*EXERCISE INPUT*.
lemma lines_Int_row_copies:
  assumes "clique_packing s k C" "2 \<le> k"
  shows "lines s k \<inter> row_copies s k C = {}"
proof (rule ccontr)
  assume "lines s k \<inter> row_copies s k C \<noteq> {}"
  then obtain a b i c where "b < s" "c \<in> C" and eq: "line s k a b = (+) (i * s) ` c"
    unfolding lines_def row_copies_def by auto
  then have c: "c \<subseteq> {..<s}" using assms(1) unfolding clique_packing_def by auto
  have "j = i" if "j < k" for j
  proof -
    have "j * s + (a * j + b) mod s \<in> (+) (i * s) ` c"
      using eq that unfolding line_def by blast
    then have "(j * s + (a * j + b) mod s) div s = i" by (rule row_copy_div[OF c])
    moreover have "0 < s" using \<open>b < s\<close> by simp
    ultimately show ?thesis by simp
  qed
  then have "0 = i" "1 = i" using \<open>2 \<le> k\<close> by auto
  then show False by simp
qed

theorem lemma2:
  fixes s k :: nat
  assumes "prime s" and "2 \<le> k" and "k \<le> s"
  shows "A (s * k) (2 * k - 2) k \<ge> s ^ 2 + k * A s (2 * k - 2) k"
proof -
  obtain C where C: "clique_packing s k C" and card_C: "card C = A s (2 * k - 2) k"
    using A_attained cw_code_iff_clique_packing by blast
  define F where "F = lines s k \<union> row_copies s k C"
  have "clique_packing (s * k) k F"
    unfolding F_def
  proof (rule clique_packing_Un)
    show "clique_packing (s * k) k (lines s k)"
      using clique_packing_lines assms by blast
    show "clique_packing (s * k) k (row_copies s k C)"
      using clique_packing_row_copies C by blast
    show "card (x \<inter> y) \<le> 1" if "x \<in> lines s k" "y \<in> row_copies s k C" for x y
      using that C card_line_Int_row_copy unfolding lines_def row_copies_def clique_packing_def
      by auto
  qed
  moreover have "card F = s ^ 2 + k * card C"
    unfolding F_def using assms C
    by (subst card_Un_disjoint)
      (auto intro: finite_clique_packing clique_packing_lines clique_packing_row_copies
        simp: lines_Int_row_copies card_lines card_row_copies)
  ultimately show ?thesis
    using card_le_A cw_code_iff_clique_packing card_C by metis
qed

end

*TASK DETAILS*. Extract the data exactly as given.

*RESULT FOR THIS TASK*.
lemma lines_Int_row_copies:
  assumes "clique_packing s k C" "2 \<le> k"
  shows "lines s k \<inter> row_copies s k C = {}"
proof (rule ccontr)
  assume "lines s k \<inter> row_copies s k C \<noteq> {}"
  then obtain a b i c where "b < s" "c \<in> C" and eq: "line s k a b = (+) (i * s) ` c"
    unfolding lines_def row_copies_def by auto
  then have c: "c \<subseteq> {..<s}" using assms(1) unfolding clique_packing_def by auto
  have "j = i" if "j < k" for j
  proof -
    have "j * s + (a * j + b) mod s \<in> (+) (i * s) ` c"
      using eq that unfolding line_def by blast
    then have "(j * s + (a * j + b) mod s) div s = i" by (rule row_copy_div[OF c])
    moreover have "0 < s" using \<open>b < s\<close> by simp
    ultimately show ?thesis by simp
  qed
  then have "0 = i" "1 = i" using \<open>2 \<le> k\<close> by auto
  then show False by simp
qed

theorem lemma2:
  fixes s k :: nat
  assumes "prime s" and "2 \<le> k" and "k \<le> s"
  shows "A (s * k) (2 * k - 2) k \<ge> s ^ 2 + k * A s (2 * k - 2) k"
proof -
  obtain C where C: "clique_packing s k C" and card_C: "card C = A s (2 * k - 2) k"
    using A_attained cw_code_iff_clique_packing by blast
  define F where "F = lines s k \<union> row_copies s k C"
  have "clique_packing (s * k) k F"
    unfolding F_def
  proof (rule clique_packing_Un)
    show "clique_packing (s * k) k (lines s k)"
      using clique_packing_lines assms by blast
    show "clique_packing (s * k) k (row_copies s k C)"
      using clique_packing_row_copies C by blast
    show "card (x \<inter> y) \<le> 1" if "x \<in> lines s k" "y \<in> row_copies s k C" for x y
      using that C card_line_Int_row_copy unfolding lines_def row_copies_def clique_packing_def
      by auto
  qed
  moreover have "card F = s ^ 2 + k * card C"
    unfolding F_def using assms C
    by (subst card_Un_disjoint)
      (auto intro: finite_clique_packing clique_packing_lines clique_packing_row_copies
        simp: lines_Int_row_copies card_lines card_row_copies)
  ultimately show ?thesis
    using card_le_A cw_code_iff_clique_packing card_C by metis
qed

end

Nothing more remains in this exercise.